lemma PoE_centered_gauss:
  fixes c s :: "nat \<Rightarrow> real"
  assumes "K \<ge> 1" and c: "\<And>k. k \<in> {1..K} \<Longrightarrow> c k > 0" and s: "\<And>k. k \<in> {1..K} \<Longrightarrow> s k > 0"
  defines "\<sigma> \<equiv> (\<Sum>k\<in>{1..K}. s k) / real K"
  shows "PoE K (\<lambda>k. centered_gauss (c k) (s k))
       = (centered_gauss (1 / sqrt (pi / \<sigma>) ^ CARD('d)) \<sigma> :: real ^ 'd \<Rightarrow> real)"
proof
  fix x :: "real ^ 'd"
  define P where "P = (\<Prod>k\<in>{1..K}. c k)"
  have P: "P > 0"
    unfolding P_def using c by (intro prod_pos) auto
  have \<sigma>: "\<sigma> > 0"
    unfolding \<sigma>_def using assms(1) s by (intro divide_pos_pos sum_pos) auto
  have geometric_mean: "(\<Prod>k\<in>{1..K}. centered_gauss (c k) (s k) y) powr (1 / real K)
      = centered_gauss (P powr (1 / real K)) \<sigma> y" for y :: "real ^ 'd"
    unfolding prod_centered_gauss P_def[symmetric] centered_gauss_powr[OF P] \<sigma>_def by simp
  show "PoE K (\<lambda>k. centered_gauss (c k) (s k)) x = centered_gauss (1 / sqrt (pi / \<sigma>) ^ CARD('d)) \<sigma> x"
    unfolding PoE_def geometric_mean integral_centered_gauss[OF \<sigma>]
    using P by (simp add: centered_gauss_def)
qed

lemma centered_gauss_mult_gauss_density:
  fixes x y :: "real ^ 'd" and c s v m :: real
  assumes "s > 0" "v > 0"
  defines "D \<equiv> 2 * v * s + m\<^sup>2"
  shows "centered_gauss c s y * gauss_density (m *\<^sub>R y) v x
       = centered_gauss (c * (2 * pi * v) powr (- real CARD('d) / 2)) (s / D) x
         * centered_gauss 1 (D / (2 * v)) (y - (m / D) *\<^sub>R x)"
proof -
  have "D > 0"
    unfolding D_def using assms by (simp add: add_pos_nonneg)
  then have "- s * (norm y)\<^sup>2 + - (norm (x - m *\<^sub>R y))\<^sup>2 / (2 * v)
      = - (s / D) * (norm x)\<^sup>2 + - (D / (2 * v)) * (norm (y - (m / D) *\<^sub>R x))\<^sup>2"
    using norm_sq_complete_square[of v D s m y x] assms D_def by simp
  then show ?thesis
    unfolding centered_gauss_def gauss_density_def
    by (simp add: exp_add[symmetric] mult_ac)
qed

lemma integral_centered_gauss_mult_gauss_density:
  assumes "c > 0" "s > 0" "v > 0"
  shows "\<exists>c'>0. (\<lambda>x. \<integral>y. centered_gauss c s y * gauss_density (m *\<^sub>R y) v x \<partial>lborel)
       = (centered_gauss c' (s / (2 * v * s + m\<^sup>2)) :: real ^ 'd \<Rightarrow> real)"
proof -
  define D where "D = 2 * v * s + m\<^sup>2"
  define C where "C = c * (2 * pi * v) powr (- real CARD('d) / 2)"
  have "D > 0"
    unfolding D_def using assms by (simp add: add_pos_nonneg)
  have "(\<integral>y. centered_gauss c s y * gauss_density (m *\<^sub>R y) v x \<partial>lborel)
      = centered_gauss (C * sqrt (pi / (D / (2 * v))) ^ CARD('d)) (s / D) x" for x :: "real ^ 'd"
  proof -
    have "(\<integral>y. centered_gauss c s y * gauss_density (m *\<^sub>R y) v x \<partial>lborel)
        = centered_gauss C (s / D) x * (\<integral>y. centered_gauss 1 (D / (2 * v)) (y - (m / D) *\<^sub>R x) \<partial>lborel)"
      unfolding centered_gauss_mult_gauss_density[OF assms(2,3)] C_def D_def
      by (rule integral_mult_right_zero)
    also have "(\<integral>y. centered_gauss 1 (D / (2 * v)) (y - (m / D) *\<^sub>R x) \<partial>lborel)
        = (\<integral>y. centered_gauss 1 (D / (2 * v)) (y :: real ^ 'd) \<partial>lborel)"
      by (rule lborel_integral_translate) measurable
    also have "\<dots> = sqrt (pi / (D / (2 * v))) ^ CARD('d)"
      using \<open>D > 0\<close> assms(3) by (simp add: integral_centered_gauss)
    finally show ?thesis
      by (simp add: centered_gauss_def)
  qed
  moreover have "C * sqrt (pi / (D / (2 * v))) ^ CARD('d) > 0"
    unfolding C_def using assms \<open>D > 0\<close> by simp
  ultimately show ?thesis
    unfolding D_def by blast
qed

(* Since z_t = m z_0 + N(0, (1 - m^2) I), the rate 1/(2a) of N(0, a I) becomes the rate of
   N(0, (m^2 a + 1 - m^2) I). *)
definition diffused_rate :: "real \<Rightarrow> real \<Rightarrow> real" where
  "diffused_rate m s = s / (2 * (1 - m\<^sup>2) * s + m\<^sup>2)"

lemma diffused_rate_pos:
  assumes "0 < m" "m < 1" "s > 0"
  shows "diffused_rate m s > 0"
proof -
  have "1 - m\<^sup>2 > 0"
    using assms(1,2) by (simp add: power_less_one_iff)
  then show ?thesis
    unfolding diffused_rate_def using assms by (intro divide_pos_pos add_pos_pos mult_pos_pos) auto
qed
lemma mstep_le_chute_exit:
  assumes "valid_board comps" "(a, b) \<in> comps" "is_chute (a, b)" "cur < a" "a < prev"
  shows "mstep comps cur prev \<le> b"
proof -
  let ?S = "{b. \<exists>a. (a, b) \<in> comps \<and> is_chute (a, b) \<and> cur < a \<and> a < prev}"
  have fin: "finite ?S" by (rule finite_exits[OF assms(1)])
  have bS: "b \<in> ?S" using assms by auto
  have "Min ?S \<le> b" using Min_le[OF fin bS] .
  thus ?thesis unfolding mstep_def Let_def using bS by auto
qed

lemma mstep_in_exits:
  assumes "valid_board comps" "cur \<in> snd ` comps"
  shows "mstep comps cur prev \<in> snd ` comps"
proof -
  let ?S = "{b. \<exists>a. (a, b) \<in> comps \<and> is_chute (a, b) \<and> cur < a \<and> a < prev}"
  have fin: "finite ?S" by (rule finite_exits[OF assms(1)])
  show ?thesis unfolding mstep_def Let_def
    using assms(2) Min_in[OF fin] by force
qed

locale chute_barrier =
  fixes comps :: "(nat \<times> nat) set" and M lam :: nat
  assumes valid: "valid_board comps"
    and lam_ge_6: "lam \<ge> 6"
    and barrier: "\<forall>k\<in>{1..lam}. \<exists>b. (M + k, b) \<in> comps \<and> is_chute (M + k, b)"
begin

definition mmin :: nat where
  "mmin = (LEAST x. x \<in> range (mseq comps M lam))"

lemma barrier_chute:
  assumes "a \<in> {M+1..M+lam}"
  obtains b where "(a, b) \<in> comps" "is_chute (a, b)"
proof -
  have "a - M \<in> {1..lam}" "M + (a - M) = a" using assms by auto
  then show ?thesis using barrier that by metis
qed

lemma barrier_le_100: "M + lam \<le> 100"
proof -
  obtain b where "(M + lam, b) \<in> comps"
    using barrier_chute[of "M + lam"] lam_ge_6 by auto
  then show ?thesis using valid_board_component[OF valid] by (auto simp: cells_def)
qed

lemma mseq_1_le_barrier_exit:
  assumes "(a, b) \<in> comps" "is_chute (a, b)" "a \<in> {M+1..M+lam}"
  shows "mseq comps M lam 1 \<le> b"
proof -
  let ?S = "{b. \<exists>a. (a, b) \<in> comps \<and> is_chute (a, b) \<and> a \<in> {M+1..M+lam}}"
  have fin: "finite ?S" by (rule finite_exits[OF valid])
  have "b \<in> ?S" using assms by blast
  then show ?thesis using Min_le[OF fin] by simp
qed

lemma mseq_1_in_exits: "mseq comps M lam 1 \<in> snd ` comps"
proof -
  let ?S = "{b. \<exists>a. (a, b) \<in> comps \<and> is_chute (a, b) \<and> a \<in> {M+1..M+lam}}"
  have fin: "finite ?S" by (rule finite_exits[OF valid])
  obtain b where "(M + 1, b) \<in> comps" "is_chute (M + 1, b)"
    using barrier_chute[of "M + 1"] lam_ge_6 by auto
  then have "b \<in> ?S" using lam_ge_6 by auto
  then have "Min ?S \<in> ?S" using Min_in[OF fin] by blast
  then show ?thesis by force
qed

lemma mseq_Suc_in_exits: "mseq comps M lam (Suc n) \<in> snd ` comps"
proof (induction n rule: less_induct)
  case (less n)
  show ?case
  proof (cases n)
    case 0
    then show ?thesis using mseq_1_in_exits by simp
  next
    case (Suc k)
    then show ?thesis using less mstep_in_exits[OF valid] by simp
  qed
qed

lemma mmin_le: "mmin \<le> mseq comps M lam n"
  unfolding mmin_def by (rule Least_le) simp

lemma mmin_in_range: "mmin \<in> range (mseq comps M lam)"
  unfolding mmin_def by (rule LeastI[of _ "mseq comps M lam 0"]) (rule rangeI)

lemma barrier_not_exit:
  assumes "(a, b) \<in> comps"
  shows "b \<notin> {M+1..M+lam}"
proof
  assume "b \<in> {M+1..M+lam}"
  then obtain c where "(b, c) \<in> comps" by (rule barrier_chute)
  moreover have "b \<in> snd ` comps" using assms by force
  ultimately show False using valid_board_exit_not_entrance[OF valid] by blast
qed

lemma barrier_exit_in_interval:
  assumes "(a, b) \<in> comps" "is_chute (a, b)" "a \<in> {M+1..M+lam}"
  shows "b \<in> {mmin..M}"
proof -
  have "b \<notin> {M+1..M+lam}" using barrier_not_exit[OF assms(1)] .
  moreover have "b < M + lam" using assms(2,3) by (simp add: is_chute_def)
  moreover have "mmin \<le> b" using mmin_le[of 1] mseq_1_le_barrier_exit[OF assms] by simp
  ultimately show ?thesis by auto
qed

lemma mmin_le_M: "mmin \<le> M"
proof -
  obtain b where "(M + 1, b) \<in> comps" "is_chute (M + 1, b)"
    using barrier_chute[of "M + 1"] lam_ge_6 by auto
  then show ?thesis using barrier_exit_in_interval lam_ge_6 by fastforce
qed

• _What is needed_: Every line in the records that holds the word "definition" should be copied into the answer.

• _Your response_:
definition diffused_rate :: "real \<Rightarrow> real \<Rightarrow> real" where
definition mmin :: nat where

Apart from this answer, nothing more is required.